Пока Бабушка билась о самый огромный концлагерь планеты, с самой Планеты Колыма нет–нет, и улетали на материк, в отпуск, временно вольные ее насельники. Одна из них, Ольга Владимировна Гедике, родственница известного московского органиста, пришла с супругом–медиком в гостиницу к Бабушке узнать: не надо ли что–нибудь передать в Москву? И взяла письмо для Гельцер. Бабушка в нем ни о чем Катерину не просила. Только очень подробно и толково, как всегда, рассказала о своих мытарствах. Через полмесяца чета Гедике была у Гельцер. Та вызвала меня. Я схватил письмо… Первое, что бросилось в глаза, — непривычно аккуратно, прямо верноподданнически, выведенное рукой Бабушки слово «Фриновский». Фриновский? Не Степанычев ли шеф? Тот, что подсовывал деду чужую квартиру по Скатертному, отобранную у кого–то?! Если тот, то он — подлец! И ничего для нее не сделает. Подумав, я решил ждать приезда Бабушки. Я ведь не мог предположить, что и она решила… не возвращаться, пока не увидит маму и отца. Пусть ее привезут в гробу, если мерзлая земля Колымы не примет…

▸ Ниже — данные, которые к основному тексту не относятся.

(* Let $A,B\in\mathbb{R}_+^{m\times n}$ be a WN-pair, and let $\mathcal{M}(B)$ be the set of all $K\subseteq[n]$ with $|K|=m$ such that $B[[m],K]$ is a monomial matrix. Then $$\rho(A,B)=\min\{\rho(B[[m],K]^{-1}A[[m],K]):K\in\mathcal{M}(B)\}.$$ For each $K\in\mathcal{M}(B)$ attaining this minimum there exists an optimal $\mathbf{y}\in\Pi_n$ with $\operatorname{supp}\mathbf{y}\subseteq K$ that is a GPF-eigenvector, i.e. $A\mathbf{y}=\rho(A,B)B\mathbf{y}$. If moreover the WN-pair is $S$-irreducible, then each such $\mathbf{y}$ is minimal optimal.
   Context: $[m]=\{1,\dots,m\}$; $\Pi_n$ is the set of probability vectors in $\mathbb{R}^n$; $\rho(C)$ is the spectral radius of a square matrix $C$. For $F\in\mathbb{R}^{m\times n}$ and $K\subseteq[n]$, $F[[m],K]$ is the submatrix formed by the columns in $K$. For $A,B\in\mathbb{R}_+^{m\times n}$ and $\mathbf{x}\in\mathbb{R}^n_+\setminus\{\mathbf{0}\}$, $r(A,B,\mathbf{x})=\max_{i\in[m]}\frac{(A\mathbf{x})_i}{(B\mathbf{x})_i}\in[0,\infty]$ (conventions $\frac00=0$, $\frac c0=\infty$ for $c>0$), and $\rho(A,B)=\inf\{r(A,B,\mathbf{x}):\mathbf{x}>\mathbf{0}\}$. A vector $\mathbf{y}\in\mathbb{R}^n_+\setminus\{\mathbf{0}\}$ is optimal if $r(A,B,\mathbf{y})=\rho(A,B)$ and there is a sequence $\mathbf{y}_k>\mathbf{0}$ with $\mathbf{y}_k\to\mathbf{y}$ and $r(A,B,\mathbf{y}_k)\to\rho(A,B)$; minimal optimal if moreover no optimal vector has support strictly contained in $\operatorname{supp}\mathbf{y}$; a GPF-eigenvector if $A\mathbf{y}=\rho(A,B)B\mathbf{y}$. A pair $A,B\in\mathbb{R}_+^{m\times n}$ is a WN-pair if $n\ge m$, $B$ has no zero row, and each column of $B$ has exactly one positive entry. A square nonnegative matrix is monomial if each row and each column has exactly one positive entry; it is irreducible if the digraph with an edge $i\to j$ iff the $(i,j)$ entry is positive is strongly connected. A WN-pair is $S$-irreducible if for every $K\in\mathcal M(B)$ the matrix $B[[m],K]^{-1}A[[m],K]$ is irreducible. *)

theory Defs
  imports Complex_Main "HOL-Library.Extended_Real"
    "Jordan_Normal_Form.Spectral_Radius" "Jordan_Normal_Form.DL_Submatrix"
    "Jordan_Normal_Form.Gauss_Jordan_Elimination"
begin

text \<open>Matrices are JNF matrices; A, B are m x n real matrices, vectors have dimension n.
  Indices are 0-based: [m] is rendered as {..<m}.\<close>

definition nonneg_mat :: "real mat \<Rightarrow> bool" where
  "nonneg_mat C \<longleftrightarrow> (\<forall>i<dim_row C. \<forall>j<dim_col C. C $$ (i,j) \<ge> 0)"

definition nonneg_vec :: "real vec \<Rightarrow> bool" where
  "nonneg_vec x \<longleftrightarrow> (\<forall>i<dim_vec x. x $ i \<ge> 0)"

definition pos_vec :: "real vec \<Rightarrow> bool" where
  "pos_vec x \<longleftrightarrow> (\<forall>i<dim_vec x. x $ i > 0)"

definition supp_vec :: "real vec \<Rightarrow> nat set" where
  "supp_vec x = {i. i < dim_vec x \<and> x $ i \<noteq> 0}"

definition prob_vec :: "nat \<Rightarrow> real vec \<Rightarrow> bool" where
  "prob_vec n y \<longleftrightarrow> dim_vec y = n \<and> nonneg_vec y \<and> (\<Sum>i<n. y $ i) = 1"

definition ratio_e :: "real \<Rightarrow> real \<Rightarrow> ereal" where
  "ratio_e a b = (if b = 0 then (if a = 0 then 0 else \<infinity>) else ereal (a / b))"

definition r_AB :: "real mat \<Rightarrow> real mat \<Rightarrow> real vec \<Rightarrow> ereal" where
  "r_AB A B x = (SUP i\<in>{..<dim_row A}. ratio_e ((A *\<^sub>v x) $ i) ((B *\<^sub>v x) $ i))"

definition rho_AB :: "real mat \<Rightarrow> real mat \<Rightarrow> ereal" where
  "rho_AB A B = (INF x\<in>{x. dim_vec x = dim_col A \<and> pos_vec x}. r_AB A B x)"

definition optimal :: "real mat \<Rightarrow> real mat \<Rightarrow> real vec \<Rightarrow> bool" where
  "optimal A B y \<longleftrightarrow> dim_vec y = dim_col A \<and> nonneg_vec y \<and> y \<noteq> 0\<^sub>v (dim_col A) \<and>
     r_AB A B y = rho_AB A B \<and>
     (\<exists>Y :: nat \<Rightarrow> real vec. (\<forall>k. dim_vec (Y k) = dim_col A \<and> pos_vec (Y k)) \<and>
        (\<forall>i<dim_col A. (\<lambda>k. Y k $ i) \<longlonglongrightarrow> y $ i) \<and>
        (\<lambda>k. r_AB A B (Y k)) \<longlonglongrightarrow> rho_AB A B)"

definition minimal_optimal :: "real mat \<Rightarrow> real mat \<Rightarrow> real vec \<Rightarrow> bool" where
  "minimal_optimal A B y \<longleftrightarrow> optimal A B y \<and>
     \<not> (\<exists>z. optimal A B z \<and> supp_vec z \<subset> supp_vec y)"

definition GPF_eigenvector :: "real mat \<Rightarrow> real mat \<Rightarrow> real vec \<Rightarrow> bool" where
  "GPF_eigenvector A B y \<longleftrightarrow> dim_vec y = dim_col A \<and> nonneg_vec y \<and> y \<noteq> 0\<^sub>v (dim_col A) \<and>
     (\<exists>c. rho_AB A B = ereal c \<and> A *\<^sub>v y = c \<cdot>\<^sub>v (B *\<^sub>v y))"

definition monomial_mat :: "real mat \<Rightarrow> bool" where
  "monomial_mat C \<longleftrightarrow> dim_row C = dim_col C \<and> nonneg_mat C \<and>
     (\<forall>i<dim_row C. \<exists>!j. j < dim_col C \<and> C $$ (i,j) > 0) \<and>
     (\<forall>j<dim_col C. \<exists>!i. i < dim_row C \<and> C $$ (i,j) > 0)"

definition irreducible_mat :: "real mat \<Rightarrow> bool" where
  "irreducible_mat C \<longleftrightarrow> dim_row C = dim_col C \<and>
     (\<forall>i<dim_row C. \<forall>j<dim_row C.
        (i, j) \<in> {(a, b). a < dim_row C \<and> b < dim_row C \<and> C $$ (a, b) > 0}\<^sup>*)"

definition WN_pair :: "nat \<Rightarrow> nat \<Rightarrow> real mat \<Rightarrow> real mat \<Rightarrow> bool" where
  "WN_pair m n A B \<longleftrightarrow> A \<in> carrier_mat m n \<and> B \<in> carrier_mat m n \<and>
     nonneg_mat A \<and> nonneg_mat B \<and> n \<ge> m \<and>
     (\<forall>i<m. \<exists>j<n. B $$ (i,j) \<noteq> 0) \<and>
     (\<forall>j<n. \<exists>!i. i < m \<and> B $$ (i,j) > 0)"

text \<open>F[[m],K]: the submatrix with all rows and the columns in K (in increasing order).\<close>
definition cols_sub :: "real mat \<Rightarrow> nat set \<Rightarrow> real mat" where
  "cols_sub F K = submatrix F {..<dim_row F} K"

definition M_set :: "real mat \<Rightarrow> nat set set" where
  "M_set B = {K. K \<subseteq> {..<dim_col B} \<and> card K = dim_row B \<and> monomial_mat (cols_sub B K)}"

definition C_K :: "real mat \<Rightarrow> real mat \<Rightarrow> nat set \<Rightarrow> real mat" where
  "C_K A B K = the (mat_inverse (cols_sub B K)) * cols_sub A K"

definition spec_rad :: "real mat \<Rightarrow> real" where
  "spec_rad C = spectral_radius (map_mat complex_of_real C)"

definition S_irreducible :: "real mat \<Rightarrow> real mat \<Rightarrow> bool" where
  "S_irreducible A B \<longleftrightarrow> (\<forall>K\<in>M_set B. irreducible_mat (C_K A B K))"

end

theory Submission
  imports Defs
begin

text \<open>
  For \<open>K \<in> M(B)\<close> the matrix \<open>C\<^sub>K = B\<^sub>K\<^sup>-\<^sup>1 A\<^sub>K\<close> is nonnegative. If \<open>C\<^sub>K v \<le> t v\<close> with \<open>v > 0\<close>
  (e.g. \<open>v = (t I - C\<^sub>K)\<^sup>-\<^sup>1 \<one>\<close> for \<open>t > \<rho>(C\<^sub>K)\<close>), placing \<open>v\<close> on the columns \<open>K\<close> and a small
  \<open>\<delta> > 0\<close> elsewhere gives \<open>r(A,B,x) \<le> t + \<epsilon>\<close>; hence \<open>\<rho>(A,B) \<le> \<rho>(C\<^sub>K)\<close>. Conversely, if
  \<open>x > 0\<close> and \<open>A x \<le> t B x\<close>, summing the columns of \<open>A\<close> over the blocks of columns whose
  \<open>B\<close>-entry lies in the same row gives an \<open>m \<times> m\<close> matrix of spectral radius at most \<open>t\<close>. A positive
  left subinvariant vector \<open>p\<close> of it at level \<open>t' > t\<close> lets one pick in every block a column \<open>j\<close>
  with \<open>(p\<^sup>T A)\<^sub>j \<le> t' p\<^sub>i B\<^sub>i\<^sub>j\<close>; these columns form some \<open>K \<in> M(B)\<close>, and the Collatz--Wielandt
  bound for \<open>C\<^sub>K\<^sup>T\<close> gives \<open>\<rho>(C\<^sub>K) \<le> t'\<close>.

  For a minimising \<open>K\<close>, a Perron eigenvector of \<open>C\<^sub>K\<close> extended by zero is a GPF-eigenvector, and
  it is optimal as the limit of perturbed positive subinvariant vectors as above. Under
  \<open>S\<close>-irreducibility, an optimal \<open>z\<close> with smaller support would make some row of \<open>B z\<close> vanish
  while the same row of \<open>A z\<close> is positive, so \<open>r(A,B,z) = \<infinity>\<close>.
\<close>

section \<open>Spectral radius of nonnegative matrices\<close>

lemma mult_mat_vec_nth:
  assumes "A \<in> carrier_mat r c" "dim_vec v = c" "i < r"
  shows "(A *\<^sub>v v) $ i = (\<Sum>j<c. A $$ (i,j) * v $ j)"
  using assms by (auto simp: scalar_prod_def lessThan_atLeast0 intro!: sum.cong)

lemma mult_mat_nth:
  assumes "A \<in> carrier_mat r c" "B \<in> carrier_mat c e" "i < r" "j < e"
  shows "(A * B) $$ (i,j) = (\<Sum>l<c. A $$ (i,l) * B $$ (l,j))"
  using assms by (auto simp: scalar_prod_def lessThan_atLeast0 intro!: sum.cong)

lemma nonneg_matD: "nonneg_mat C \<Longrightarrow> i < dim_row C \<Longrightarrow> j < dim_col C \<Longrightarrow> C $$ (i,j) \<ge> 0"
  unfolding nonneg_mat_def by blast
(* Consider the general additive Gaussian noise model: $Y = X + Z$ where $X \in \mathbb{R}^N$ is drawn from an arbitrary known prior (with all moments finite), $Z \in \mathbb{R}^N$ has i.i.d. $\mathcal{N}(0,1)$ entries independent of $X$, and $x \in \mathbb{R}$ is a scalar function of $X$ (with all joint moments with $X$ finite) to be estimated. Then for every integer $D \ge 0$, \[ \mathrm{Corr}_{\le D}^2 \le \sum_{\alpha \in \mathbb{N}^N,\ 0 \le |\alpha| \le D} \frac{\kappa_\alpha^2}{\alpha!}, \] where $\kappa_\alpha$ for $\alpha \in \mathbb{N}^N$ is defined recursively by \[ \kappa_\alpha = \mathbb{E}[x X^\alpha] - \sum_{0 \le \beta \lneq \alpha} \kappa_\beta \binom{\alpha}{\beta} \mathbb{E}[X^{\alpha-\beta}] \] (so in particular $\kappa_0 = \mathbb{E}[x]$).
   Context: $\mathbb{N}=\{0,1,2,\dots\}$. For $\alpha \in \mathbb{N}^N$: $|\alpha| = \sum_i \alpha_i$, $\alpha! = \prod_i \alpha_i!$, $X^\alpha = \prod_i X_i^{\alpha_i}$; $\beta \le \alpha$ means $\beta_i \le \alpha_i$ for all $i$; $\beta \lneq \alpha$ means $\beta\le\alpha$ and $\beta\ne\alpha$; $\binom{\alpha}{\beta} = \prod_i \binom{\alpha_i}{\beta_i}$; $\alpha-\beta$ is entrywise. For an observation $Y$ and scalar target $x$ with joint law $\mathbb{P}$, the degree-$D$ maximum correlation is $\mathrm{Corr}_{\le D} = \sup\{ \mathbb{E}[f(Y)x]/\sqrt{\mathbb{E}[f(Y)^2]} : f \in \mathbb{R}[Y]_{\le D},\ \mathbb{E}[f(Y)^2]\neq 0\}$, where $\mathbb{R}[Y]_{\le D}$ is the space of real polynomials of degree at most $D$ in the coordinates of $Y$ and all expectations are over $\mathbb{P}$. The degree-$D$ minimum mean squared error is $\mathrm{MMSE}_{\le D} = \inf_{f \in \mathbb{R}[Y]_{\le D}} \mathbb{E}(f(Y)-x)^2$, and $\mathrm{MMSE}_{\le D} = \mathbb{E}[x^2] - \mathrm{Corr}_{\le D}^2$. *)

theory Defs
  imports "HOL-Probability.Probability"
begin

О письме Бабушки я рассказал Степанычу дня через три.
Мельком вспомнил Фриновского. И мое мнение о нем. Услыхав фамилию своего бывшего шефа с моим комментарием, он незнакомо–вежливо сделал мне замечание: «Почему ты прежде, до Бабкиного отъезда, не предупредил о ее планах повидаться с мамой?». Потом сорвался, обозвал меня в первый и последний раз мудаком. И удалился, обиженный…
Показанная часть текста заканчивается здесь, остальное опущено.